Fair warning: this is going to provide few conclusions. TBH I'm more interested in soliciting opinions on which explanation seems most plausible.

I was on another sub and someone complained about how tiring the interminable gender war was. And it raised something I had been thinking of for a while: it feels like there's something very odd about a society where sexes are encouraged to disdain each other despite being unable to actually do without said sex.

I grew up in Africa and moved to the West near the end of my teenage years so I've lived in very different societies and have struggled to understand their differences. . One highly progressive and aiming for gender egalitarianism and another that has a very traditional understanding of gender still, due to religion and culture. As Muslim nations go we're pretty progressive relative to some of the Arabs (no one I knew growing up wore or was expected to wear hijab - though I saw more of them around when I returned not too long ago), but it's no Sweden.

The interesting thing is though, growing up, gender wars weren't as big a deal as in the West. I'm not saying that women never reacted badly to sexism or no one ever pushed for change. But...it just didn't feel like there was this interminable "battle of the sexes".

Thing is: we had many other forms of culture war. The most obvious being ethnic strife. That was just taken for granted. It makes perfect sense to me that tribes will dislike one another, groups will cynically deploy identity politics as suits them and so on.

It doesn't seem obvious to me that any tribe will be so riven internally that men and women (the two components necessary for it to reproduce the tribe) see themselves as competitors or enemies.
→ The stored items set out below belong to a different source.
lemma poly_apply_linear_factor:
  "poly_apply S (p * [:-z, 1:]) v = poly_apply S p ((S - mat z) *v v)"
proof -
  have factor: "p * [:-z, 1:] = smult (-z) p + pCons 0 p"
    by (simp add: mult_pCons_right)
  have vector: "(S - mat z) *v v = S *v v + (-z) *s v"
    by (simp add: matrix_vector_mult_diff_rdistrib mat_mult_vector)
  show ?thesis
    unfolding factor vector poly_apply_add poly_apply_smult poly_apply_pCons poly_apply_vector_add
      poly_apply_vector_scale by simp
qed

text \<open>Every vector is killed by some product of linear factors applied to \<open>S\<close>: take the
  monic Krylov relation and split it over \<open>\<complex>\<close>.\<close>
lemma linear_factors_annihilate:
  fixes S :: "complex^'n^'n"
  shows "\<exists>zs. poly_apply S (\<Prod>z\<leftarrow>zs. [:-z, 1:]) x = 0"
proof -
  obtain k a where ka: "mpow S k *v x = (\<Sum>j<k. a j *s (mpow S j *v x))"
    using krylov_relation by blast
  define q where "q = monom 1 k - (\<Sum>j<k. monom (a j) j)"
  have q0: "poly_apply S q x = 0"
    by (simp add: q_def poly_apply_diff poly_apply_sum poly_apply_monom ka)
  have "coeff q k = 1" by (simp add: q_def coeff_sum coeff_monom)
  hence lc: "lead_coeff q \<noteq> 0" by auto
  obtain rs where rs: "mset rs = proots q" using ex_mset by blast
  have "q = smult (lead_coeff q) (\<Prod>x\<in>#proots q. [:-x, 1:])"
    using complex_poly_decompose_multiset[of q] by simp
  also have "(\<Prod>x\<in>#proots q. [:-x, 1:]) = (\<Prod>x\<leftarrow>rs. [:-x, 1:])"
    by (simp flip: rs prod_mset_prod_list)
  finally have "poly_apply S q x = lead_coeff q *s poly_apply S (\<Prod>x\<leftarrow>rs. [:-x, 1:]) x"
    by (metis poly_apply_smult)
  with q0 lc show ?thesis by (auto simp: vec.scale_eq_0_iff)
qed

section \<open>Characteristic subspaces\<close>

lemma char_subspace_iff:
  "v \<in> char_subspace T r \<longleftrightarrow> mpow (T - mat r) CARD('n) *v v = 0" for T :: "complex^'n^'n"
  by (simp add: char_subspace_def)

lemma char_subspace_zero: "0 \<in> char_subspace T r"
  by (simp add: char_subspace_iff)

lemma char_subspace_diff:
  "u \<in> char_subspace T r \<Longrightarrow> w \<in> char_subspace T r \<Longrightarrow> u - w \<in> char_subspace T r"
  by (simp add: char_subspace_iff matrix_vector_mult_diff_distrib)

lemma char_subspace_scale: "u \<in> char_subspace T r \<Longrightarrow> c *s u \<in> char_subspace T r"
  by (simp add: char_subspace_iff matrix_vector_mult_scale)

lemma char_subspace_sum:
  "(\<And>i. i \<in> I \<Longrightarrow> f i \<in> char_subspace T r) \<Longrightarrow> (\<Sum>i\<in>I. f i) \<in> char_subspace T r"
  by (simp add: char_subspace_iff matrix_vector_mult_sum)

lemma commute_char_power:
  "S ** T = T ** S \<Longrightarrow> mpow (T - mat r) k ** S = S ** mpow (T - mat r) k"
  for S T :: "complex^'n^'n"
  by (metis commute_mpow commute_diff_mat)

lemma char_subspace_invariant:
  "S ** T = T ** S \<Longrightarrow> v \<in> char_subspace T r \<Longrightarrow> S *v v \<in> char_subspace T r"
  for S T :: "complex^'n^'n"
  using commute_char_power[of S T r "CARD('n)"]
  by (simp add: char_subspace_iff matrix_vector_mul_assoc)
     (metis matrix_vector_mul_assoc matrix_vector_mult_0_right)

lemma char_subspace_step: "(S - mat z) *v x \<in> char_subspace S z \<Longrightarrow> x \<in> char_subspace S z"
  for S :: "complex^'n^'n"
  unfolding char_subspace_iff using mpow_kernel_stabilises[of "S - mat z" "Suc CARD('n)" x]
  by (simp add: mpow_Suc_apply del: mpow.simps)

text \<open>On \<open>ker (S - r)^n\<close> the matrix \<open>S - z\<close> (\<open>z \<noteq> r\<close>) is onto: it is \<open>N + (r - z)\<close> with \<open>N\<close>
  nilpotent there, and the finite Neumann series \<open>\<Sum>k<n. (-1)^k N^k w / (r-z)^(k+1)\<close> inverts it.\<close>
lemma neumann_partial_sum:
  fixes N :: "complex^'n^'n"
  assumes a: "a \<noteq> 0"
  shows "N *v (\<Sum>k<m. ((-1)^k / a^(Suc k)) *s (mpow N k *v w))
         + a *s (\<Sum>k<m. ((-1)^k / a^(Suc k)) *s (mpow N k *v w))
       = w - ((-1)^m / a^m) *s (mpow N m *v w)"
proof (induction m)
  case 0 then show ?case by simp
next
  case (Suc m)
  let ?y = "\<Sum>k<m. ((-1)^k / a^(Suc k)) *s (mpow N k *v w)"
  let ?c = "(-1)^m / a^(Suc m)"
  let ?d = "(-1)^m / a^m"
  let ?e = "(-1)^(Suc m) / a^(Suc m)"
  have ac: "a * ?c = ?d" using a by (simp add: field_simps)
  have ce: "?c = - ?e" by simp
  have "N *v (\<Sum>k<Suc m. ((-1)^k / a^(Suc k)) *s (mpow N k *v w))
        + a *s (\<Sum>k<Suc m. ((-1)^k / a^(Suc k)) *s (mpow N k *v w))
      = (N *v ?y + a *s ?y) + ?c *s (mpow N (Suc m) *v w) + (a * ?c) *s (mpow N m *v w)"
    by (simp add: matrix_vector_right_distrib matrix_vector_mult_scale vec.scale_right_distrib
        matrix_vector_mul_assoc vec.scale_scale algebra_simps)
  also have "\<dots> = (w - ?d *s (mpow N m *v w)) + (- ?e) *s (mpow N (Suc m) *v w) + ?d *s (mpow N m *v w)"
    unfolding Suc ac unfolding ce ..
  also have "\<dots> = w - ?e *s (mpow N (Suc m) *v w)"
    by (simp only: vec.scale_minus_left) (simp add: algebra_simps)
  finally show ?case .
qed

lemma char_subspace_shift_onto:
  fixes S :: "complex^'n^'n"
  assumes "r \<noteq> z" "w \<in> char_subspace S r"
  shows "\<exists>y. y \<in> char_subspace S r \<and> (S - mat z) *v y = w"
proof -
  define N where "N = S - mat r"
  define a where "a = r - z"
  have a: "a \<noteq> 0" using assms by (simp add: a_def)
  define y where "y = (\<Sum>k<CARD('n). ((-1)^k / a^(Suc k)) *s (mpow N k *v w))"
  have Nw: "mpow N CARD('n) *v w = 0" using assms(2) by (simp add: N_def char_subspace_iff)
  have "S - mat z = N + mat a"
    by (simp add: N_def a_def vec_eq_iff mat_def)
  hence "(S - mat z) *v y = N *v y + a *s y"
    by (simp add: matrix_vector_mult_add_rdistrib mat_mult_vector)
  also have "\<dots> = w"
    unfolding y_def using neumann_partial_sum[OF a, where m="CARD('n)" and w=w and N=N] Nw by simp
  finally have "(S - mat z) *v y = w" .
  moreover have "y \<in> char_subspace S r"
    unfolding y_def
  proof (intro char_subspace_sum char_subspace_scale)
    fix k
    have "mpow N k ** S = S ** mpow N k"
      unfolding N_def by (rule commute_char_power) simp
    thus "mpow N k *v w \<in> char_subspace S r" using char_subspace_invariant assms(2) by metis
  qed
  ultimately show ?thesis by blast
qed
lemma dprod_K_diagonal_escape:
  assumes "t \<ge> 3"
    and "u \<in> (\<lambda>i. (i, i)) ` {0..<min r t}" "v \<in> (\<lambda>i. (i, i)) ` {0..<min r t}" "u \<noteq> v"
  shows "\<exists>w\<in>dprod_verts (K_verts r) (K_verts t) - (\<lambda>i. (i, i)) ` {0..<min r t}.
           dprod_adj K_adj K_adj v w \<and> \<not> dprod_adj K_adj K_adj u w"
proof -
  obtain i j where ij: "u = (i, i)" "v = (j, j)" "i < min r t" "j < min r t"
    using assms(2,3) by auto
  obtain c where "c < 3" "c \<noteq> i" "c \<noteq> j"
    using exists_third_index by blast
  with ij assms show ?thesis
    by (intro bexI[of _ "(i, c)"]) (auto simp: dprod_verts_def K_verts_def dprod_K_adj_iff)
qed

lemma max_mult_pred_eq:
  fixes r t :: nat
  shows "max (r * (t - 1)) (t * (r - 1)) = r * t - min r t"
  by (cases "r = 0 \<or> t = 0")
    (auto simp: right_diff_distrib' mult.commute max_def min_def le_diff_iff')
section \<open>Energy of linear maps\<close>

lemma gag_pow_matrix_le:
  fixes S :: "(real^'n) set" and M :: "real^'n^'n"
  assumes "S \<in> sets lebesgue" "S \<subseteq> ball z R" "t > 0" "t * (1 - s) > 0"
    and entries: "\<And>a b. \<bar>M$a$b\<bar> \<le> m"
  shows "gag_pow s t S (\<lambda>x. M *v x)
           \<le> ennreal (lipschitz_energy_const CARD('n) t s * (real CARD('n)^2 * m) powr t
                       * R powr (real CARD('n) + t * (1 - s)))"
proof (rule gag_pow_lipschitz_le[OF assms(1-4)])
  show "real CARD('n)^2 * m \<ge> 0" using entries[of undefined undefined] by simp
  show "norm (M *v x - M *v y) \<le> real CARD('n)^2 * m * norm (x - y)" for x y
    using norm_matrix_vector_le_max_entry[OF entries, of "x - y"]
    by (simp add: matrix_vector_mult_diff_distrib)
qed

lemma gag_semi_matrix_le:
  fixes S :: "(real^'n) set" and M :: "real^'n^'n"
  assumes "S \<in> sets lebesgue" "S \<subseteq> ball z R" "R > 0" "t > 0" "t * (1 - s) > 0"
    and entries: "\<And>a b. \<bar>M$a$b\<bar> \<le> m"
  shows "gag_semi s t S (\<lambda>x. M *v x)
           \<le> lipschitz_energy_const CARD('n) t s powr (1/t) * (real CARD('n)^2 * m)
               * R powr ((real CARD('n) + t * (1 - s)) / t)"
proof -
  define K where "K = lipschitz_energy_const CARD('n) t s"
  define L where "L = real CARD('n)^2 * m"
  define e where "e = real CARD('n) + t * (1 - s)"
  have K: "K \<ge> 0" unfolding K_def using assms by (intro lipschitz_energy_const_nonneg)
  have L: "L \<ge> 0" unfolding L_def using entries[of undefined undefined] by simp
  have "gag_pow s t S (\<lambda>x. M *v x) \<le> ennreal (K * L powr t * R powr e)"
    unfolding K_def L_def e_def by (rule gag_pow_matrix_le[OF assms(1,2,4-6)])
  then have "enn2real (gag_pow s t S (\<lambda>x. M *v x)) \<le> K * L powr t * R powr e"
    by (rule enn2real_leI[rotated]) (use K in simp)
  then have "gag_semi s t S (\<lambda>x. M *v x) \<le> (K * L powr t * R powr e) powr (1/t)"
    unfolding gag_semi_def by (rule powr_mono2[rotated 2]) (use assms(4) in auto)
  also have "\<dots> = K powr (1/t) * (L powr t) powr (1/t) * (R powr e) powr (1/t)"
    using K by (simp add: powr_mult)
  also have "\<dots> = K powr (1/t) * L * R powr (e / t)"
    using L assms(4) by (cases "L = 0") (simp_all add: powr_powr)
  finally show ?thesis unfolding K_def L_def e_def .
qed

lemma gag_pow_matrix_finite:
  fixes S :: "(real^'n) set" and M :: "real^'n^'n"
  assumes "S \<in> sets lebesgue" "bounded S" "t > 0" "t * (1 - s) > 0"
  shows "gag_pow s t S (\<lambda>x. M *v x) < \<infinity>"
proof -
  obtain R where R: "S \<subseteq> ball 0 R" using assms(2) bounded_subset_ballD by blast
  obtain a b where "\<And>a' b'. \<bar>M$a'$b'\<bar> \<le> \<bar>M$a$b\<bar>" using ex_max_abs_entry by blast
  from gag_pow_matrix_le[OF assms(1) R assms(3,4) this] show ?thesis
    by (rule le_less_trans) simp
qed

lemma gag_pow_sub_affine_finite:
  fixes u :: "real^'n \<Rightarrow> real^'n"
  assumes S: "S \<in> sets lebesgue" "bounded S" and u: "u \<in> borel_measurable (lebesgue_on S)"
    and p: "p > 0" "p * (1 - s) > 0" and fin: "gag_pow s p S u < \<infinity>"
  shows "gag_pow s p S (\<lambda>x. u x - (A *v x + b)) < \<infinity>"
proof -
  have "gag_pow s p S (\<lambda>x. u x - (A *v x + b)) = gag_pow s p S (\<lambda>x. u x + (- A) *v x)"
    by (rule gag_pow_cong) (simp add: uminus_matrix_vector_mult algebra_simps)
  also have "\<dots> \<le> ennreal (2 powr p) * (gag_pow s p S u + gag_pow s p S (\<lambda>x. (- A) *v x))"
    using measurable_matrix_vector_mult_lebesgue_on[OF S(1)] by (intro gag_pow_add_le[OF S(1) u _ p(1)])
  also have "\<dots> < \<infinity>"
    using fin gag_pow_matrix_finite[OF S p] by (simp add: ennreal_mult_less_top)
  finally show ?thesis .
qed

text \<open>Points \<open>x\<close>, \<open>y\<close> near the antipodes \<open>w \<plusminus> (r/2) e\<^sub>b\<close> of the inscribed ball have
  \<open>x - y\<close> close to \<open>r e\<^sub>b\<close>, on which \<open>M\<close> is large in the direction of its largest entry.\<close>
lemma matrix_difference_quotient_ge:
  fixes M :: "real^'n^'n"
  assumes max: "\<And>a' b'. \<bar>M$a'$b'\<bar> \<le> \<bar>M$a$b\<bar>" and r: "r > 0" and s: "s \<ge> 0"
    and x: "x \<in> ball (w + (r/2) *\<^sub>R axis b 1) (r / (4 * CARD('n)))"
    and y: "y \<in> ball (w - (r/2) *\<^sub>R axis b 1) (r / (4 * CARD('n)))"
  shows "(\<bar>M$a$b\<bar> * r / 2)^2 / (2 * r) powr (real CARD('n) + 2 * s)
           \<le> norm (M *v x - M *v y)^2 / norm (x - y) powr (real CARD('n) + 2 * s)"
proof -
  define n where "n = real CARD('n)"
  have n: "n \<ge> 1" unfolding n_def by (simp add: Suc_leI)
  define e :: "real^'n" where "e = axis b 1"
  define \<epsilon> where "\<epsilon> = (x - y) - r *\<^sub>R e"
  have \<epsilon>_split: "\<epsilon> = (x - (w + (r/2) *\<^sub>R e)) - (y - (w - (r/2) *\<^sub>R e))"
    unfolding \<epsilon>_def by (simp add: algebra_simps flip: scaleR_add_left)
  have "norm \<epsilon> \<le> norm (x - (w + (r/2) *\<^sub>R e)) + norm (y - (w - (r/2) *\<^sub>R e))"
    unfolding \<epsilon>_split by (rule norm_triangle_ineq4)
  also have "\<dots> < r / (4 * n) + r / (4 * n)"
    using x y unfolding e_def n_def by (simp add: dist_norm norm_minus_commute)
  finally have \<epsilon>: "norm \<epsilon> < r / (2 * n)" by simp
  have r2n: "r / (2 * n) \<le> r / 2" using n r by (intro divide_left_mono) auto
  have xy: "x - y = r *\<^sub>R e + \<epsilon>" unfolding \<epsilon>_def by simp
  have "r = norm (r *\<^sub>R e)" using r by (simp add: e_def norm_axis_1)
  also have "\<dots> \<le> norm (x - y) + norm \<epsilon>" using norm_triangle_ineq4[of "x - y" \<epsilon>] by (simp add: xy)
  finally have xy_pos: "norm (x - y) > 0" using \<epsilon> r r2n by linarith
  have "norm (x - y) \<le> norm (r *\<^sub>R e) + norm \<epsilon>" unfolding xy by (rule norm_triangle_ineq)
  also have "\<dots> \<le> 2 * r" using \<epsilon> r r2n by (simp add: e_def norm_axis_1)
  finally have xy_le: "norm (x - y) \<le> 2 * r" .
  have "\<bar>M$a$b\<bar> * r / 2 \<le> norm (M *v x - M *v y)"
    using norm_matrix_vector_ge_max_entry[OF max, of r \<epsilon>] \<epsilon> r
    by (simp add: xy e_def n_def matrix_vector_mult_diff_distrib[symmetric])
  then have "(\<bar>M$a$b\<bar> * r / 2)^2 / (2 * r) powr (n + 2 * s)
      \<le> norm (M *v x - M *v y)^2 / (2 * r) powr (n + 2 * s)"
    using r by (intro divide_right_mono power_mono) auto
  also have "\<dots> \<le> norm (M *v x - M *v y)^2 / norm (x - y) powr (n + 2 * s)"
    using xy_pos xy_le s n by (intro divide_left_mono powr_mono2 mult_pos_pos) auto
  finally show ?thesis unfolding n_def .
qed
lemma finite_Dspec: "finite (Dspec d L)"
  unfolding Dspec_eq using finite_hfcfgs by simp

lemma double_occ_mem_Dspec: "S \<in> hfcfgs d L \<Longrightarrow> int (double_occ d L S) \<in> Dspec d L"
  unfolding Dspec_eq by simp

lemma grade_apply:
  "grade d L k B S T = (if S \<in> hfcfgs d L \<and> T \<in> hfcfgs d L
      \<and> int (double_occ d L S) = int (double_occ d L T) + k then B S T else 0)"
proof -
  have "grade d L k B S T = (\<Sum>m\<in>Dspec d L. if m = int (double_occ d L T) then
      (if S \<in> hfcfgs d L \<and> T \<in> hfcfgs d L
        \<and> int (double_occ d L S) = int (double_occ d L T) + k then B S T else 0) else 0)"
    unfolding grade_def sum_op_apply Pproj_eq_diagop
    by (intro sum.cong refl)
      (auto simp: opmul_diagop_left[OF finite_cfgs hfcfgs_subset_cfgs]
        opmul_diagop_right[OF finite_cfgs hfcfgs_subset_cfgs])
  also have "\<dots> = (if S \<in> hfcfgs d L \<and> T \<in> hfcfgs d L
      \<and> int (double_occ d L S) = int (double_occ d L T) + k then B S T else 0)"
    using double_occ_mem_Dspec[of T d L] by (auto simp: sum.delta' finite_Dspec)
  finally show ?thesis .
qed

section \<open>The entries of I_h\<close>

lemma ad_Mop_funpow_hfop:
  assumes "X \<subseteq> Lam d L" "local_op d L X A"
  shows "(ad (cfgs d L) (hfop d L (Mop d L)) ^^ n) (hfop d L A)
    = (\<lambda>S T. of_real (stag_mag X S - stag_mag X T) ^ n * hfop d L A S T)"
proof (intro ext)
  fix S T
  show "(ad (cfgs d L) (hfop d L (Mop d L)) ^^ n) (hfop d L A) S T
      = of_real (stag_mag X S - stag_mag X T) ^ n * hfop d L A S T"
  proof (cases "hfop d L A S T = 0")
    case False
    then have "S \<in> hfcfgs d L" "T \<in> hfcfgs d L" "A S T \<noteq> 0"
      unfolding hfop_def by (auto split: if_splits)
    moreover have "stag_mag (Lam d L) S - stag_mag (Lam d L) T = stag_mag X S - stag_mag X T"
      using assms \<open>A S T \<noteq> 0\<close> by (intro stag_mag_diff_eq_local) (auto simp: local_op_def)
    ultimately show ?thesis
      unfolding Mop_eq_Mloc Mloc_eq_diagop[OF order_refl] hfop_diagop[OF hfcfgs_subset_cfgs]
        ad_diagop_funpow[OF finite_cfgs hfcfgs_subset_cfgs] by (simp flip: of_real_diff)
  qed (simp add: Mop_eq_Mloc Mloc_eq_diagop hfop_diagop[OF hfcfgs_subset_cfgs]
        ad_diagop_funpow[OF finite_cfgs hfcfgs_subset_cfgs])
qed

lemma neumann_series_sums:
  fixes K h \<delta> :: real and a :: complex
  assumes "\<bar>h * \<delta>\<bar> < \<bar>K\<bar>"
  shows "(\<lambda>n. of_real (1 / K * (h / K) ^ n) * of_real \<delta> ^ n * a) sums (a / of_real (K - h * \<delta>))"
proof -
  have "K \<noteq> 0" "K - h * \<delta> \<noteq> 0"
    using assms by auto
  let ?w = "complex_of_real (h * \<delta> / K)"
  have "norm ?w = \<bar>h * \<delta>\<bar> / \<bar>K\<bar>"
    by (simp only: norm_of_real abs_divide)
  then have "norm ?w < 1"
    using assms by simp
  then have geometric:
    "(\<lambda>n. (of_real (1 / K) * a) * ?w ^ n) sums ((of_real (1 / K) * a) * (1 / (1 - ?w)))"
    by (intro sums_mult geometric_sums)
  have "(of_real (1 / K) * a) * (1 / (1 - ?w)) = a / of_real (K - h * \<delta>)"
    using \<open>K \<noteq> 0\<close> \<open>K - h * \<delta> \<noteq> 0\<close> by (simp add: field_simps)
  moreover have "(\<lambda>n. (of_real (1 / K) * a) * ?w ^ n)
      = (\<lambda>n. of_real (1 / K * (h / K) ^ n) * of_real \<delta> ^ n * a)"
    by (intro ext) (simp add: power_mult_distrib power_divide algebra_simps)
  ultimately show ?thesis
    using geometric by metis
qed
With this logic being taken to absurd extremes where women make money publicly mocking their husbands for the applause of the internet

So why is there a gender war? Why didn't it feel as big a deal back home? Potential reasons:

  1. There was, I was just too young to know. The most parsimonious and intuitive. Game stops, do not pass "go".

  2. There's "'gender war" in the same way there's "class conflict" in the medieval era: exploitation is still happening but conditions haven't allowed something like marxism (well...feminism here) to explode cause the proles are still too oppressed. So there's a latent gender war. a. There's some attraction to this one too, especially when it comes to one obvious gender war issue we don't share with the West: polygamy. Here many women are opposed and it does create a clear split between men and women. But it seems like it simply hasn't bubbled up into a politically salient critique of the whole institution or, even broader, some "patriarchy"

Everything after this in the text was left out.